Surrogate Child
Page 20
“One of these days, she’s going to break loose.”
“Why did you tell her to come to the party? She thinks you practically invited her.”
“Tell her? What are you talking about, Audra?”
“She says you called and told her to come tonight.”
“You’re kidding. First of all, she called me, and all she talked about was the party. Coming here was entirely her idea. I just didn’t discourage it. How could I?”
“That’s not what she said.”
“So? She’s fantasizing. Solomon said she would.”
“Solomon said? What do you mean, Solomon said? When do you talk to Solomon?”
“It’s not that I talk to him, exactly. I showed you.”
“You mean that stuff in the computer?”
“Yeah. But now that you ask . . . in a strange way I do feel like I’m talking to him when I turn it on and read his files.”
“Files.” She looked away, and then a thought occurred to her. “Is there a file on me, too, Jonathan?” He didn’t reply. “Well? Is there?”
“Not exactly.”
“What does that mean, not exactly?”
“I’ve seen references to you here and there, but no file like Sal’s.”
Audra continued to study him. Was he telling the truth? Suddenly she understood what she had felt in Solomon’s old room as she sat before that computer monitor and began reading the words about Sally. She knew why she didn’t want to continue to sit there and read. It wasn’t only because of what was said; it was because of how it was said. It was like “The Twilight Zone”; it was eerie because as she read the sentences, she could hear Solomon saying them.

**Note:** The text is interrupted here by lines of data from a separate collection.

lemma le_sqrt_mult_of_sq_le:
  fixes c y e :: real
  assumes "1 < c" "0 \<le> e" "(1 - 1 / c) * y\<^sup>2 \<le> e\<^sup>2"
  shows "y \<le> sqrt (1 + 1 / (c - 1)) * e"
proof -
  have "y\<^sup>2 \<le> (1 + 1 / (c - 1)) * e\<^sup>2"
    using assms(1,3) by (simp add: field_simps)
  then have "sqrt (y\<^sup>2) \<le> sqrt ((1 + 1 / (c - 1)) * e\<^sup>2)"
    by (rule real_sqrt_le_mono)
  then show ?thesis
    using assms(2) by (simp add: real_sqrt_mult)
qed

theorem theorem5:
  fixes w :: "nat \<Rightarrow> real^'d" and n k :: nat and eps :: real
    and Vstar :: "(real^'d) set"
    and Xs :: "real^'d^'d" and ts :: real
    and u :: "nat \<Rightarrow> real^'d" and lam :: "nat \<Rightarrow> real"
    and c :: real
  assumes k_ge: "k \<ge> 1"
    and Vstar_sub: "subspace Vstar" and Vstar_dim: "dim Vstar = k"
    and Vstar_close: "\<forall>i\<in>{1..n}. infdist (w i) Vstar \<le> eps"
    and opt: "sdp_optimal n w k Xs ts"
    and orth: "\<forall>i\<in>{1..CARD('d)}. \<forall>j\<in>{1..CARD('d)}. u i \<bullet> u j = (if i = j then 1 else 0)"
    and decomp: "Xs = (\<Sum>i\<in>{1..CARD('d)}. lam i *\<^sub>R outer (u i) (u i))"
    and lam_nonneg: "0 \<le> lam 1"
    and lam_sorted: "\<forall>i\<in>{1..CARD('d)}. \<forall>j\<in>{1..CARD('d)}. i \<le> j \<longrightarrow> lam i \<le> lam j"
    and lam_le1: "lam CARD('d) \<le> 1"
    and c_gt: "c > 1"
    and ck_int: "c * real k \<in> \<int>"
    and ck_le: "c * real k \<le> real CARD('d)"
  shows "dim (span (u ` {1..nat \<lfloor>c * real k\<rfloor> - 1})) = nat \<lfloor>c * real k\<rfloor> - 1 \<and>
         (\<forall>i\<in>{1..n}. infdist (w i) (span (u ` {1..nat \<lfloor>c * real k\<rfloor> - 1}))
                        \<le> sqrt (1 + 1 / (c - 1)) * eps)"
proof -
  let ?I = "{1..CARD('d)}"
  define m where "m = nat \<lfloor>c * real k\<rfloor>"
  have m_real: "real m = c * real k"
    using ck_int c_gt by (auto simp: m_def elim!: Ints_cases)
  have "real k < real m"
    using m_real c_gt k_ge by (simp add: mult_strict_right_mono[of 1 c "real k", simplified])
  then have m: "m \<in> ?I" and "real k / real m = 1 / c"
    using m_real ck_le by auto
  have onb: "orthonormal_on ?I u"
    using orth by (simp add: orthonormal_on_def)
  have lam_bounds: "\<forall>j\<in>?I. 0 \<le> lam j \<and> lam j \<le> 1"
  proof
    fix j assume "j \<in> ?I"
    then have "lam 1 \<le> lam j" "lam j \<le> lam CARD('d)"
      using lam_sorted by auto
    then show "0 \<le> lam j \<and> lam j \<le> 1"
      using lam_nonneg lam_le1 by linarith
  qed
  have lam_mono: "mono_on ?I lam"
    using lam_sorted by (auto simp: mono_on_def)
  note infdist_bound = infdist_eigenspan_of_sdp_optimal[OF Vstar_sub Vstar_dim Vstar_close
      opt[unfolded decomp] onb lam_mono lam_bounds m]
  have "{1..m - 1} \<subseteq> ?I"
    using m by auto
  then have "dim (span (u ` {1..m - 1})) = m - 1"
    using dim_span_orthonormal_on[OF orthonormal_on_subset[OF onb]] by (metis card_atLeastAtMost diff_Suc_1)
  then show ?thesis
    using infdist_bound Vstar_close c_gt \<open>real k / real m = 1 / c\<close> unfolding m_def
    by (auto intro!: le_sqrt_mult_of_sq_le intro: order_trans[OF infdist_nonneg])
qed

She imagined Jonathan was addicted to the computer, drawn to it by spiritual magnetism. Her imagination began to go wild. She knew so little about computers and had such little interest in them. They seemed too impersonal, too mechanical; but she was well aware of what Joe Stern did for a living, and in her mind, because computers were still relegated to some magical part of technology, she saw him as being more of a magician than a technician.

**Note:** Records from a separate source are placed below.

lemma tvs_open_nhd_absorbing:
  assumes "tvs_ops_continuous TYPE('x::{real_vector, topological_space})"
    and "open W" "0 \<in> W"
  obtains s where "s > 0" "s *\<^sub>R (v::'x) \<in> W"
proof -
  have "open ((\<lambda>s::real. s *\<^sub>R v) -` W)"
    using open_vimage_continuous_on_UNIV[OF tvs_continuous_on_scaleR_left[OF assms(1)] assms(2)] .
  moreover have "0 \<in> (\<lambda>s::real. s *\<^sub>R v) -` W" using assms(3) by simp
  ultimately obtain d where d: "d > 0" "ball 0 d \<subseteq> (\<lambda>s::real. s *\<^sub>R v) -` W"
    unfolding open_contains_ball by blast
  then have "d / 2 \<in> (\<lambda>s::real. s *\<^sub>R v) -` W" by (simp add: subset_eq)
  then show ?thesis using that[of "d / 2"] d(1) by simp
qed

lemma linear_continuous_if_bounded_above_on_nhd:
  fixes f :: "'x::{real_vector, topological_space} \<Rightarrow> real"
  assumes tvs: "tvs_ops_continuous TYPE('x)" and f: "linear f"
    and W: "open W" "0 \<in> W" "\<And>v. v \<in> W \<Longrightarrow> f v \<le> 1"
  shows "continuous_on UNIV f"
  unfolding continuous_on_topological
proof (intro ballI allI impI)
  fix z0 B assume "open B" "f z0 \<in> B"
  then obtain e where e: "e > 0" "ball (f z0) e \<subseteq> B" by (auto simp: open_contains_ball)
  define k where "k = 2 / e"
  have k: "k > 0" using e k_def by simp
  define A where "A = ((\<lambda>z. k *\<^sub>R (z + - z0)) -` W) \<inter> ((\<lambda>z. (- k) *\<^sub>R (z + - z0)) -` W)"
  have "open A" unfolding A_def
    by (intro open_Int open_vimage_continuous_on_UNIV[OF tvs_continuous_on_scaleR_translate[OF tvs]] W)
  moreover have "z0 \<in> A" using W by (simp add: A_def)
  moreover have "f z \<in> B" if "z \<in> A" for z
  proof -
    have "f (k *\<^sub>R (z + - z0)) \<le> 1" "f ((- k) *\<^sub>R (z + - z0)) \<le> 1"
      using W(3) that by (auto simp: A_def)
    moreover have "f ((- k) *\<^sub>R (z + - z0)) = - f (k *\<^sub>R (z + - z0))"
      using f by (simp add: linear_scale linear_neg)
    moreover have "f (k *\<^sub>R (z + - z0)) = k * (f z - f z0)"
      using f by (simp add: linear_scale linear_diff)
    ultimately have "k * \<bar>f z - f z0\<bar> \<le> 1" by (simp add: abs_mult)
    then have "\<bar>f z - f z0\<bar> < e" using e k by (simp add: k_def field_simps)
    then show ?thesis using e by (auto simp: dist_real_def)
  qed
  ultimately show "\<exists>A. open A \<and> z0 \<in> A \<and> (\<forall>y\<in>UNIV. y \<in> A \<longrightarrow> f y \<in> B)" by blast
qed

definition minkowski_functional :: "'x::real_vector set \<Rightarrow> 'x \<Rightarrow> real" where
  "minkowski_functional W v = Inf {t. 0 < t \<and> inverse t *\<^sub>R v \<in> W}"

lemma minkowski_functional_le:
  "0 < t \<Longrightarrow> inverse t *\<^sub>R v \<in> W \<Longrightarrow> minkowski_functional W v \<le> t"
  unfolding minkowski_functional_def by (rule cInf_lower) (auto intro: bdd_belowI[of _ 0])

lemma minkowski_functional_ge:
  assumes "0 < s" "s *\<^sub>R v \<in> W" and "\<And>t. 0 < t \<Longrightarrow> inverse t *\<^sub>R v \<in> W \<Longrightarrow> c \<le> t"
  shows "c \<le> minkowski_functional W v"
  unfolding minkowski_functional_def
proof (rule cInf_greatest)
  show "{t. 0 < t \<and> inverse t *\<^sub>R v \<in> W} \<noteq> {}" using assms(1,2) by (auto intro!: exI[of _ "inverse s"])
qed (use assms(3) in auto)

She recalled that Solomon rarely talked about his father’s work, but when he did, he always cloaked his conversation in metaphors. “My father is just another piece of machinery,” he once said. She thought that was a terrible thing to say about one’s father.
“You don’t understand,” he went on. “The machines dictate to him. When they break down, he goes. He’s at their every beck and call.”

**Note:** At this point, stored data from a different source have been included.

lemma trace_mlog_cocycle:
  fixes x y z p q r :: "complex^'n^'n"
  assumes unitary: "unitary_mat x" "unitary_mat z" "unitary_mat p" "unitary_mat q" "unitary_mat r"
    and defects: "opnorm (p - x ** y) < 1/2" "opnorm (r - p ** z) < 1/2"
      "opnorm (r - x ** q) < 1/2" "opnorm (q - y ** z) < 1/2"
  shows "trace (mlog (x ** y ** cadj p)) + trace (mlog (p ** z ** cadj r))
       = trace (mlog (x ** q ** cadj r)) + trace (mlog (y ** z ** cadj q))"
proof -
  define v where "v = x ** (y ** z ** cadj q) ** cadj x"
  have near_1: "opnorm (x ** y ** cadj p - mat 1) < 1/2" "opnorm (p ** z ** cadj r - mat 1) < 1/2"
    "opnorm (x ** q ** cadj r - mat 1) < 1/2" "opnorm (y ** z ** cadj q - mat 1) < 1/2"
    using opnorm_mult_cadj_minus_mat_1_le unitary defects by (meson order.strict_trans1)+
  have "opnorm (v - mat 1) \<le> opnorm (x - x ** (y ** z ** cadj q))"
    unfolding v_def by (rule opnorm_mult_cadj_minus_mat_1_le[OF unitary(1)])
  also have "\<dots> \<le> opnorm x * opnorm (mat 1 - y ** z ** cadj q)"
    using opnorm_mult_le[of x "mat 1 - y ** z ** cadj q"] by (simp add: matrix_diff_ldistrib)
  also have "\<dots> \<le> opnorm (y ** z ** cadj q - mat 1)"
    using opnorm_unitary_le[OF unitary(1)]
    by (simp add: opnorm_minus_commute mult_left_le_one_le opnorm_nonneg)
  finally have near_v: "opnorm (v - mat 1) < 1/2"
    using near_1(4) by simp
  have "x ** y ** cadj p ** (p ** z ** cadj r) = x ** y ** z ** cadj r"
    by (simp add: matrix_mul_assoc unitary_mat_cancel[OF unitary(3)])
  moreover have "v ** (x ** q ** cadj r) = x ** y ** z ** cadj r"
    unfolding v_def
    by (simp add: matrix_mul_assoc unitary_mat_cancel[OF unitary(1)] unitary_mat_cancel[OF unitary(4)])
  ultimately have same_product: "x ** y ** cadj p ** (p ** z ** cadj r) = v ** (x ** q ** cadj r)"
    by simp
  have unitary_factors: "unitary_mat (p ** z ** cadj r)" "unitary_mat (x ** q ** cadj r)"
    using unitary by (simp_all add: unitary_mat_mult unitary_mat_cadj)
  have "trace (mlog (x ** y ** cadj p)) + trace (mlog (p ** z ** cadj r))
      = trace (mlog (x ** y ** cadj p ** (p ** z ** cadj r)))"
    using near_1 by (intro trace_mlog_mult[symmetric] opnorm_unitary_le unitary_factors) simp
  also have "\<dots> = trace (mlog v) + trace (mlog (x ** q ** cadj r))"
    unfolding same_product
    using near_1 near_v by (intro trace_mlog_mult opnorm_unitary_le unitary_factors) simp
  also have "trace (mlog v) = trace (mlog (y ** z ** cadj q))"
    unfolding v_def using near_1(4) by (intro trace_mlog_unitary_conj unitary(1)) simp
  finally show ?thesis
    by simp
qed

theorem proposition2p6:
  fixes G :: "('a, 'b) monoid_scheme"
    and \<rho> :: "'a \<Rightarrow> complex^'n^'n"
    and S :: "'a set"
    and \<delta> :: real
    and a b c :: 'a
  assumes "group G"
    and "\<forall>g\<in>carrier G. unitary_mat (\<rho> g)"
    and "\<rho> \<one>\<^bsub>G\<^esub> = mat 1"
    and "S \<subseteq> carrier G" and "finite S"
    and "0 < \<delta>" and "\<delta> \<le> 1/2"
    and "\<forall>s\<in>S. \<forall>t\<in>S. opnorm (\<rho> (s \<otimes>\<^bsub>G\<^esub> t) - \<rho> s ** \<rho> t) < \<delta>"
    and "a \<in> S" and "b \<in> S" and "c \<in> S"
    and "a \<otimes>\<^bsub>G\<^esub> b \<in> S" and "b \<otimes>\<^bsub>G\<^esub> c \<in> S"
  shows "omega G \<rho> a b + omega G \<rho> (a \<otimes>\<^bsub>G\<^esub> b) c
       = omega G \<rho> a (b \<otimes>\<^bsub>G\<^esub> c) + omega G \<rho> b c"
proof -
  interpret group G by fact
  have in_carrier: "a \<in> carrier G" "b \<in> carrier G" "c \<in> carrier G"
    using assms(4,9-11) by auto
  have unitary: "unitary_mat (\<rho> g)" if "g \<in> carrier G" for g
    using assms(2) that by blast
  have omega_eq: "omega G \<rho> s t
      = trace (mlog (\<rho> s ** \<rho> t ** cadj (\<rho> (s \<otimes>\<^bsub>G\<^esub> t)))) / (2 * complex_of_real pi * \<i>)"
    if "s \<in> carrier G" "t \<in> carrier G" for s t
    unfolding omega_def using that by (simp add: matrix_inv_unitary unitary)
  have defect: "opnorm (\<rho> (s \<otimes>\<^bsub>G\<^esub> t) - \<rho> s ** \<rho> t) < 1/2" if "s \<in> S" "t \<in> S" for s t
    using assms(7,8) that by fastforce
  have "trace (mlog (\<rho> a ** \<rho> b ** cadj (\<rho> (a \<otimes>\<^bsub>G\<^esub> b))))
        + trace (mlog (\<rho> (a \<otimes>\<^bsub>G\<^esub> b) ** \<rho> c ** cadj (\<rho> (a \<otimes>\<^bsub>G\<^esub> b \<otimes>\<^bsub>G\<^esub> c))))
      = trace (mlog (\<rho> a ** \<rho> (b \<otimes>\<^bsub>G\<^esub> c) ** cadj (\<rho> (a \<otimes>\<^bsub>G\<^esub> b \<otimes>\<^bsub>G\<^esub> c))))
        + trace (mlog (\<rho> b ** \<rho> c ** cadj (\<rho> (b \<otimes>\<^bsub>G\<^esub> c))))"
    using in_carrier assms(9-13) defect[of a "b \<otimes>\<^bsub>G\<^esub> c"]
    by (intro trace_mlog_cocycle unitary defect) (auto simp: m_assoc)
  with in_carrier show ?thesis
    by (simp add: omega_eq m_assoc add_divide_distrib[symmetric])
qed

end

“You make it sound as if they are another form of intelligent life.”
“You’d be surprised,” he said. And then smiling, he added in a soft, subtle admonishing manner, “You’d really be surprised.”
Jonathan finished his cup of punch and put it on the seat beside them. The DJ returned, and the music began again. Almost immediately the lights were dimmed, and the floor became crowded with dancers. Sally, who was usually quite shy about these things, was out there dancing with Larry Elias, but she kept looking their way.
“Were there files on other kids, Jonathan? Solomon’s other friends?” Audra asked. She had to bring her face very close to his because the music was so loud. The scent of Solomon’s old cologne was so strong. If she closed her eyes, she went reeling back through time. Jonathan didn’t respond immediately. He continued to look out at the dance floor as though he hadn’t heard her.
“Jonathan?”
“Not exactly.”
“What is this not exactly? Don’t you know one way or the other?” she asked, the irritation evident in her voice. He turned to her.
“I haven’t read it all, Audra. There’s quite a bit, and I’m just getting the hang of that computer. Joe’s given me a lesson or two, that’s all.”
“You handled it pretty well the other night.”
“I learn fast,” he said. “Come on, let’s dance.”
“No, I don’t feel like it just now.”
“Really? Mind if I go out there? I feel like it.”
“Go on,” she said. She watched him make his way into the crowd until he was close to Sally. Before long, she had turned away from Larry, and she was dancing with Jonathan. Audra watched the way he moved his head, eyes, and shoulders. He’s teasing her, she thought, or tempting her. Was that what the computer told him to do?
She gulped down the remainder of the cup of punch Jonathan had brought her, and then she made her way across the gym through the dancers and got herself another cup. In a moment, Paula was at her side.
“I don’t believe Sally Kantzler. Is that the Sally Kantzler we all know and love dancing with Jonathan?”
“I’m not sure who she’s dancing with.”
“What?”
“Nothing,” Audra said. She took a long sip of her punch. “Where’s Gary?”
“Billy Marcus had some pot, so they went into the boys’ locker room.”
“Amazing. What would they do if they had only music and food and beautiful cars and great clothes and parents who kept giving them everything they wanted?”
“Jesus, you sound angry.”
“Well, I am angry. I’m sick of this. We came to have some fun, not to go off in our own little worlds.”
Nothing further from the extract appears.